## Extracted entries

(* Let $G$ be a residually finite locally nilpotent group containing an element with finite centralizer. Then $G$ is finite. *)

theory Defs
  imports "HOL-Algebra.Algebra"
begin

definition centralizer :: "('a, 'b) monoid_scheme \<Rightarrow> 'a \<Rightarrow> 'a set" where
  "centralizer G x = {g \<in> carrier G. g \<otimes>\<^bsub>G\<^esub> x = x \<otimes>\<^bsub>G\<^esub> g}"

text \<open>Lower central series: gamma_1 = G (index 0 here), gamma_{i+1} = [gamma_i, G].\<close>
fun lower_central :: "('a, 'b) monoid_scheme \<Rightarrow> nat \<Rightarrow> 'a set" where
  "lower_central G 0 = carrier G"
| "lower_central G (Suc n) = generate G
     {a \<otimes>\<^bsub>G\<^esub> b \<otimes>\<^bsub>G\<^esub> inv\<^bsub>G\<^esub> a \<otimes>\<^bsub>G\<^esub> inv\<^bsub>G\<^esub> b | a b. a \<in> lower_central G n \<and> b \<in> carrier G}"

definition nilpotent_group :: "('a, 'b) monoid_scheme \<Rightarrow> bool" where
  "nilpotent_group G \<longleftrightarrow> group G \<and> (\<exists>n. lower_central G n = {\<one>\<^bsub>G\<^esub>})"

definition locally_nilpotent :: "('a, 'b) monoid_scheme \<Rightarrow> bool" where
  "locally_nilpotent G \<longleftrightarrow> group G \<and>
     (\<forall>S. S \<subseteq> carrier G \<and> finite S \<longrightarrow> nilpotent_group (subgroup_generated G S))"

definition residually_finite :: "('a, 'b) monoid_scheme \<Rightarrow> bool" where
  "residually_finite G \<longleftrightarrow> group G \<and>
     (\<forall>g \<in> carrier G. g \<noteq> \<one>\<^bsub>G\<^esub> \<longrightarrow>
        (\<exists>N. N \<lhd> G \<and> finite (rcosets\<^bsub>G\<^esub> N) \<and> g \<notin> N))"

end

theory Submission
  imports Defs
begin

text \<open>
  Pick, for each of the finitely many nontrivial elements c of the centralizer of x, a normal
  subgroup N_c of finite index not containing c, and let N be the intersection of the N_c.
  In a locally nilpotent group every nontrivial normal subgroup N meets the centralizer of x
  nontrivially: for 1 \<noteq> n \<in> N the commutators [n, x, ..., x] lie in N and in the lower central
  series of the nilpotent group generated by x and n, so they eventually vanish, and the last
  nontrivial one commutes with x. Hence N is trivial, and G embeds into the finite set of
  tuples of cosets of the N_c.
\<close>

fun iter_commutator :: "('a, 'b) monoid_scheme \<Rightarrow> 'a \<Rightarrow> 'a \<Rightarrow> nat \<Rightarrow> 'a" where
  "iter_commutator G n x 0 = n"
| "iter_commutator G n x (Suc i) =
     iter_commutator G n x i \<otimes>\<^bsub>G\<^esub> x \<otimes>\<^bsub>G\<^esub> inv\<^bsub>G\<^esub> (iter_commutator G n x i) \<otimes>\<^bsub>G\<^esub> inv\<^bsub>G\<^esub> x"

lemma (in group) lower_central_subset: "lower_central G i \<subseteq> carrier G"
proof (induction i)
  case (Suc i)
  then show ?case
    unfolding lower_central.simps by (intro generate_incl) blast
qed simp

lemma (in group) iter_commutator_in_lower_central:
  assumes "n \<in> carrier G" "x \<in> carrier G"
  shows "iter_commutator G n x i \<in> lower_central G i"
proof (induction i)
  case (Suc i)
  then show ?case
    using assms(2) lower_central_subset unfolding lower_central.simps
    by (auto intro!: generate.incl)
qed (simp add: assms(1))

lemma (in group) iter_commutator_subgroup_generated:
  assumes "n \<in> carrier (subgroup_generated G S)" "x \<in> carrier (subgroup_generated G S)"
  shows "iter_commutator (subgroup_generated G S) n x i = iter_commutator G n x i"
proof (induction i)
  case (Suc i)
  interpret H: group "subgroup_generated G S" by simp
  have "iter_commutator G n x i \<in> carrier (subgroup_generated G S)"
    using H.lower_central_subset H.iter_commutator_in_lower_central[OF assms, of i] Suc.IH
    by auto
  with assms(2) show ?case
    by (simp add: Suc.IH)
qed simp

lemma (in group) iter_commutator_in_normal:
  assumes "N \<lhd> G" "n \<in> N" "x \<in> carrier G"
  shows "iter_commutator G n x i \<in> N"
proof (induction i)
  case (Suc i)
  interpret N: normal N G by fact
  let ?c = "iter_commutator G n x i"
  have "x \<otimes> inv ?c \<otimes> inv x \<in> N"
    using Suc assms(3) by (simp add: N.inv_op_closed2)
  then have "?c \<otimes> (x \<otimes> inv ?c \<otimes> inv x) \<in> N"
    using Suc by simp
  then show ?case
    using Suc assms(3) by (simp add: m_assoc)
qed (simp add: assms(2))

lemma (in group) commute_if_commutator_eq_one:
  assumes "a \<in> carrier G" "b \<in> carrier G" "a \<otimes> b \<otimes> inv a \<otimes> inv b = \<one>"
  shows "a \<otimes> b = b \<otimes> a"
proof -
  have "a \<otimes> b \<otimes> inv a = b"
    using assms by (metis inv_closed m_closed inv_solve_right l_one)
  then show ?thesis
    using assms by (metis inv_closed m_closed inv_solve_right)
qed

lemma (in group) locally_nilpotent_iter_commutator_vanishes:
  assumes "locally_nilpotent G" "n \<in> carrier G" "x \<in> carrier G"
  shows "\<exists>m. iter_commutator G n x m = \<one>"
proof -
  let ?H = "subgroup_generated G {n, x}"
  have "nilpotent_group ?H"
    using assms unfolding locally_nilpotent_def by auto
  then obtain m where m: "lower_central ?H m = {\<one>\<^bsub>?H\<^esub>}"
    unfolding nilpotent_group_def by blast
  have "n \<in> carrier ?H" "x \<in> carrier ?H"
    using assms(2,3) by (auto simp: carrier_subgroup_generated intro: generate.incl)
  then have "iter_commutator G n x m \<in> lower_central ?H m"
    using group.iter_commutator_in_lower_central[of ?H] iter_commutator_subgroup_generated
    by (metis group_subgroup_generated)
  with m show ?thesis by auto
qed

lemma (in group) locally_nilpotent_normal_meets_centralizer:
  assumes "locally_nilpotent G" "N \<lhd> G" "n \<in> N" "n \<noteq> \<one>" "x \<in> carrier G"
  shows "\<exists>k \<in> N. k \<noteq> \<one> \<and> k \<in> centralizer G x"
proof -
  have n: "n \<in> carrier G"
    using assms(2,3) normal_imp_subgroup subgroup.mem_carrier by metis
  obtain m where "iter_commutator G n x m = \<one>"
    using locally_nilpotent_iter_commutator_vanishes[OF assms(1) n assms(5)] by blast
  moreover have "iter_commutator G n x 0 \<noteq> \<one>"
    using assms(4) by simp
  ultimately obtain k where
    k: "iter_commutator G n x k \<noteq> \<one>" "iter_commutator G n x (Suc k) = \<one>"
    using ex_least_nat_less[of "\<lambda>i. iter_commutator G n x i = \<one>" m] by blast
  let ?c = "iter_commutator G n x k"
  have "?c \<in> N"
    using iter_commutator_in_normal[OF assms(2,3,5)] .
  moreover have c: "?c \<in> carrier G"
    using calculation assms(2) normal_imp_subgroup subgroup.mem_carrier by metis
  moreover have "?c \<otimes> x = x \<otimes> ?c"
    using k(2) by (intro commute_if_commutator_eq_one[OF c assms(5)]) (simp only: iter_commutator.simps)
  ultimately show ?thesis
    using k(1) unfolding centralizer_def by blast
qed

lemma (in group) normal_Inter:
  assumes "\<And>i. i \<in> I \<Longrightarrow> N i \<lhd> G"
  shows "carrier G \<inter> (\<Inter>i\<in>I. N i) \<lhd> G"
  unfolding normal_inv_iff
proof (intro conjI ballI)
  have "carrier G \<inter> (\<Inter>i\<in>I. N i) = \<Inter>(insert (carrier G) (N ` I))"
    by auto
  also have "subgroup \<dots> G"
    using assms normal_imp_subgroup subgroup_self by (intro subgroups_Inter) auto
  finally show "subgroup (carrier G \<inter> (\<Inter>i\<in>I. N i)) G" .
next
  fix g h assume "g \<in> carrier G" "h \<in> carrier G \<inter> (\<Inter>i\<in>I. N i)"
  then show "g \<otimes> h \<otimes> inv g \<in> carrier G \<inter> (\<Inter>i\<in>I. N i)"
    using assms by (auto intro: normal.inv_op_closed2)
qed

lemma (in group) finite_carrier_if_finite_index_Inter_trivial:
  assumes "finite I"
    and "\<And>i. i \<in> I \<Longrightarrow> subgroup (H i) G"
    and "\<And>i. i \<in> I \<Longrightarrow> finite (rcosets (H i))"
    and "carrier G \<inter> (\<Inter>i\<in>I. H i) \<subseteq> {\<one>}"
  shows "finite (carrier G)"
proof -
  define cosets where "cosets y = (\<lambda>i\<in>I. H i #> y)" for y
  have "inj_on cosets (carrier G)"
  proof (rule inj_onI)
    fix y z assume y: "y \<in> carrier G" and z: "z \<in> carrier G" and eq: "cosets y = cosets z"
    have "y \<otimes> inv z \<in> H i" if i: "i \<in> I" for i
    proof -
      have "y \<in> H i #> z"
        using eq i rcos_self[OF y assms(2)[OF i]] unfolding cosets_def
        by (metis restrict_apply')
      then show ?thesis
        using subgroup.rcos_module_imp[OF assms(2)[OF i] is_group z] by blast
    qed
    then have "y \<otimes> inv z \<in> carrier G \<inter> (\<Inter>i\<in>I. H i)"
      using y z by simp
    then have "y \<otimes> inv z = \<one>"
      using assms(4) by blast
    then show "y = z"
      using y z by (metis inv_solve_right l_one one_closed)
  qed
  moreover have "cosets y \<in> Pi\<^sub>E I (\<lambda>i. rcosets (H i))" if "y \<in> carrier G" for y
    unfolding cosets_def restrict_PiE_iff using that assms(2) subgroup.subset
    by (blast intro: rcosetsI)
  then have "cosets ` carrier G \<subseteq> Pi\<^sub>E I (\<lambda>i. rcosets (H i))"
    by blast
  moreover have "finite (Pi\<^sub>E I (\<lambda>i. rcosets (H i)))"
    using assms(1,3) by (rule finite_PiE)
  ultimately show ?thesis
    by (metis finite_imageD finite_subset)
qed

theorem lemma2p4:
  fixes G :: "('a, 'b) monoid_scheme"
  assumes "group G"
    and "residually_finite G"
    and "locally_nilpotent G"
    and "\<exists>x \<in> carrier G. finite (centralizer G x)"
  shows "finite (carrier G)"
proof -
  interpret group G by fact
  obtain x where x: "x \<in> carrier G" "finite (centralizer G x)"
    using assms(4) by blast
  define C where "C = centralizer G x - {\<one>\<^bsub>G\<^esub>}"
  have "\<forall>c \<in> C. \<exists>M. M \<lhd> G \<and> finite (rcosets\<^bsub>G\<^esub> M) \<and> c \<notin> M"
    using assms(2) unfolding residually_finite_def C_def centralizer_def by blast
  then obtain N where N: "\<And>c. c \<in> C \<Longrightarrow> N c \<lhd> G \<and> finite (rcosets\<^bsub>G\<^esub> (N c)) \<and> c \<notin> N c"
    by metis
  have Inter_normal: "carrier G \<inter> (\<Inter>c\<in>C. N c) \<lhd> G"
    using N by (intro normal_Inter) blast
  have "carrier G \<inter> (\<Inter>c\<in>C. N c) \<subseteq> {\<one>\<^bsub>G\<^esub>}"
    using locally_nilpotent_normal_meets_centralizer[OF assms(3) Inter_normal _ _ x(1)] N
    unfolding C_def by blast
  moreover have "finite C"
    using x(2) unfolding C_def by blast
  ultimately show ?thesis
    using N normal_imp_subgroup by (intro finite_carrier_if_finite_index_Inter_trivial[of C N]) auto
qed

end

## What to produce
Starting at the first line of the records, print each line exactly, stopping after the line that contains "G \<and> (\<exists>n.".

## Response to the task
(* Let $G$ be a residually finite locally nilpotent group containing an element with finite centralizer. Then $G$ is finite. *)

theory Defs
  imports "HOL-Algebra.Algebra"
begin

definition centralizer :: "('a, 'b) monoid_scheme \<Rightarrow> 'a \<Rightarrow> 'a set" where
  "centralizer G x = {g \<in> carrier G. g \<otimes>\<^bsub>G\<^esub> x = x \<otimes>\<^bsub>G\<^esub> g}"

text \<open>Lower central series: gamma_1 = G (index 0 here), gamma_{i+1} = [gamma_i, G].\<close>
fun lower_central :: "('a, 'b) monoid_scheme \<Rightarrow> nat \<Rightarrow> 'a set" where
  "lower_central G 0 = carrier G"
| "lower_central G (Suc n) = generate G
     {a \<otimes>\<^bsub>G\<^esub> b \<otimes>\<^bsub>G\<^esub> inv\<^bsub>G\<^esub> a \<otimes>\<^bsub>G\<^esub> inv\<^bsub>G\<^esub> b | a b. a \<in> lower_central G n \<and> b \<in> carrier G}"

definition nilpotent_group :: "('a, 'b) monoid_scheme \<Rightarrow> bool" where
  "nilpotent_group G \<longleftrightarrow> group G \<and> (\<exists>n. lower_central G n = {\<one>\<^bsub>G\<^esub>})"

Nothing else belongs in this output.